According to Holden, insurers are increasingly collaborating with businesses to help individuals in these situations return to work in a healthy manner. “There’s still work to be done,” she noted.

It takes a lot of effort to keep your benefits.

Approval for disability leave is often only half the battle. According to Song, ensuring that patients keep their benefits for as long as they need them also necessitates a significant amount of effort and documentation.

Insurance carriers frequently ask physicians to send monthly updates for patients who are expected to recover and return to work, according to Song.

“However, if I’m not seeing them on a regular basis,” he explained, “it becomes problematic.”

He explained that due to high patient volumes, monthly check-ins aren’t always possible. And, he continued, monthly visits aren’t necessary because a patient won’t progress that quickly.

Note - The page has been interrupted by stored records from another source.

lemma norm_bilin_diff_le:
  assumes d: "vnorm2 k (\<lambda>i. a i - b i) \<le> e" and d': "vnorm2 k (\<lambda>i. a' i - b' i) \<le> e"
    and a: "vnorm2 k a \<le> m" and a': "vnorm2 k a' \<le> m"
  shows "cmod (bilin k a a' - bilin k b b') \<le> 2 * e * m + e\<^sup>2"
proof -
  let ?d = "\<lambda>i. a i - b i" and ?d' = "\<lambda>i. a' i - b' i"
  have e: "0 \<le> e" and m: "0 \<le> m" using d a vnorm2_nonneg order.trans by blast+
  have "cmod (bilin k a a' - bilin k b b')
      \<le> cmod (bilin k ?d a') + cmod (bilin k a ?d') + cmod (bilin k ?d ?d')"
    unfolding bilin_diff_eq by (rule order.trans[OF norm_triangle_ineq4 add_right_mono[OF norm_triangle_ineq]])
  also have "\<dots> \<le> e * m + m * e + e * e"
    using e m vnorm2_nonneg
    by (intro add_mono order.trans[OF norm_bilin_le] mult_mono d d' a a') auto
  finally show ?thesis by (simp add: power2_eq_square)
qed

lemma norm_bilin_diff_le_min:
  assumes "vnorm2 k (\<lambda>i. a i - b i) \<le> e" and "vnorm2 k (\<lambda>i. a' i - b' i) \<le> e"
    and "vnorm2 k a \<le> m" and "vnorm2 k a' \<le> m" and "vnorm2 k b \<le> n" and "vnorm2 k b' \<le> n"
  shows "cmod (bilin k a a' - bilin k b b') \<le> 2 * e * min m n + e\<^sup>2"
proof (cases "m \<le> n")
  case True
  then show ?thesis using norm_bilin_diff_le[OF assms(1-4)] by simp
next
  case False
  have "cmod (bilin k b b' - bilin k a a') \<le> 2 * e * n + e\<^sup>2"
    using assms by (intro norm_bilin_diff_le)
      (simp_all add: vnorm2_diff_commute[of k b a] vnorm2_diff_commute[of k b' a'])
  with False show ?thesis by (simp add: norm_minus_commute)
qed

lemma hausdist_L2_commute: "hausdist_L2 k A B = hausdist_L2 k B A"
  unfolding hausdist_L2_def by (subst (1 2) vnorm2_diff_commute) (rule max.commute)

lemma compact_cSUP_upper:
  fixes f :: "'s::topological_space \<Rightarrow> real"
  assumes "compact S" and "continuous_on S f" and "x \<in> S"
  shows "f x \<le> (SUP x\<in>S. f x)"
  using assms by (intro cSUP_upper bounded_imp_bdd_above compact_imp_bounded compact_continuous_image)

lemma hausdist_L2_attained:
  fixes F :: "'s::topological_space \<Rightarrow> nat \<Rightarrow> complex"
    and G :: "'t::topological_space \<Rightarrow> nat \<Rightarrow> complex"
  assumes S: "compact S" and T: "compact T" "T \<noteq> {}"
    and F: "\<And>i. continuous_on S (\<lambda>s. F s i)" and G: "\<And>i. continuous_on T (\<lambda>t. G t i)"
    and s: "s \<in> S"
  shows "\<exists>t\<in>T. vnorm2 k (\<lambda>i. F s i - G t i) \<le> hausdist_L2 k (F ` S) (G ` T)"
proof -
  define g where "g s t = vnorm2 k (\<lambda>i. F s i - G t i)" for s t
  have g_bdd_below: "bdd_below (g s' ` T)" for s'
    unfolding g_def by (rule bdd_belowI2[OF vnorm2_nonneg])
  have g_cont_T: "continuous_on T (g s')" for s'
    unfolding g_def by (intro continuous_on_vnorm2 continuous_on_diff continuous_on_const G)
  have g_cont_S: "continuous_on S (\<lambda>s'. g s' t')" for t'
    unfolding g_def by (intro continuous_on_vnorm2 continuous_on_diff continuous_on_const F)
  obtain t where t: "t \<in> T" "\<And>t'. t' \<in> T \<Longrightarrow> g s t \<le> g s t'"
    using continuous_attains_inf[OF T g_cont_T] by blast
  then have "g s t \<le> (INF t'\<in>T. g s t')"
    using T(2) by (intro cINF_greatest) auto
  also have "\<dots> \<le> (SUP s'\<in>S. INF t'\<in>T. g s' t')"
  proof (rule cSUP_upper[OF s])
    have "\<And>s'. s' \<in> S \<Longrightarrow> g s' t \<le> (SUP s''\<in>S. g s'' t)"
      by (rule compact_cSUP_upper[OF S g_cont_S])
    then show "bdd_above ((\<lambda>s'. INF t'\<in>T. g s' t') ` S)"
      by (intro bdd_aboveI2 order.trans[OF cINF_lower[OF g_bdd_below t(1)]])
  qed
  also have "\<dots> \<le> hausdist_L2 k (F ` S) (G ` T)"
    unfolding hausdist_L2_def g_def by (simp add: image_image)
  finally show ?thesis using t(1) unfolding g_def by blast
qed

lemma correspondence_hausdist_L2:
  fixes F :: "'s::topological_space \<Rightarrow> nat \<Rightarrow> complex"
    and G :: "'t::topological_space \<Rightarrow> nat \<Rightarrow> complex"
  assumes S: "compact S" "S \<noteq> {}" and T: "compact T" "T \<noteq> {}"
    and F: "\<And>i. continuous_on S (\<lambda>s. F s i)" and G: "\<And>i. continuous_on T (\<lambda>t. G t i)"
  shows "correspondence S T
    {(s, t). s \<in> S \<and> t \<in> T \<and> vnorm2 k (\<lambda>i. F s i - G t i) \<le> hausdist_L2 k (F ` S) (G ` T)}"
proof -
  have "\<exists>t\<in>T. vnorm2 k (\<lambda>i. F s i - G t i) \<le> hausdist_L2 k (F ` S) (G ` T)" if "s \<in> S" for s
    by (rule hausdist_L2_attained[where F = F and G = G, OF S(1) T F G that])
  moreover have "\<exists>s\<in>S. vnorm2 k (\<lambda>i. F s i - G t i) \<le> hausdist_L2 k (F ` S) (G ` T)" if "t \<in> T" for t
    using hausdist_L2_attained[where F = G and G = F and k = k, OF T(1) S G F that]
    by (simp add: hausdist_L2_commute[of k "G ` T"] vnorm2_diff_commute[of k "G t"])
  ultimately show ?thesis unfolding correspondence_def by blast
qed

lemma bdd_above_distortion:
  fixes X :: "'a::metric_space set" and Y :: "'b::metric_space set"
  assumes "R \<subseteq> X \<times> Y" and "bounded X" and "bounded Y"
  shows "bdd_above ((\<lambda>p. \<bar>dist (fst (fst p)) (fst (snd p)) - dist (snd (fst p)) (snd (snd p))\<bar>) ` (R \<times> R))"
proof (rule bdd_aboveI2)
  fix p assume "p \<in> R \<times> R"
  then have "dist (fst (fst p)) (fst (snd p)) \<le> diameter X" "dist (snd (fst p)) (snd (snd p)) \<le> diameter Y"
    using assms by (auto intro!: diameter_bounded_bound)
  then show "\<bar>dist (fst (fst p)) (fst (snd p)) - dist (snd (fst p)) (snd (snd p))\<bar> \<le> diameter X + diameter Y"
    using zero_le_dist[of "fst (fst p)" "fst (snd p)"] zero_le_dist[of "snd (fst p)" "snd (snd p)"]
    by linarith
qed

What happens if you fail to take your drugs as prescribed?

Another problem with keeping people on benefits is that people with mental illnesses may stop listening to their doctors or taking their prescriptions.

Disability policies typically require claimants to seek treatment and make a consistent attempt to improve and return to work. Song explained that this is often a reasonable goal from a medical one as well. He went on to say that most people benefit from the structure and sense of self-esteem that work gives.

Patients with mental diseases such as depression or bipolar disorder, on the other hand, may at times refuse to follow their treatment, which is a symptom of their sickness rather than an exercise of their willpower, he said.

Patients who discontinue therapy, on the other hand, are in violation of their policy contract, which could result in their losing their benefits, according to Share.

Even so, according to Holden, most insurance case managers now have a lot better grasp of mental illness than they had a few years ago.

“They’d realize it’s the genuine ailment manifesting itself,” she explained.

Is it true that internal appeals are effective?

Employees can use an insurer’s internal appeals system to contest a decision to deny a request for disability benefits or stop payouts, just like they can with any other claim.

However, it’s probably surprise that disability lawyers are wary of this route.

“If people keep appealing within the long-term disability system, they’re playing into the insurance company’s hands,” Monkhouse said.

Many refusal judgments, according to Holden, are overturned on appeal if the employee offers additional information to support her claim.

“In my experience,” she said, “there is a good mechanism in place,” noting that the appeals committee is made up of senior personnel.

Plan members can also appeal any unpaid insurance claims to the CLHIA’s OmbudService for Life and Health Insurance as a last resort, according to the CLHIA.

According to various experts, the disability insurance business is headed in the right direction when it comes to mental health.

Many Canadians, though, continue to struggle under a flawed system.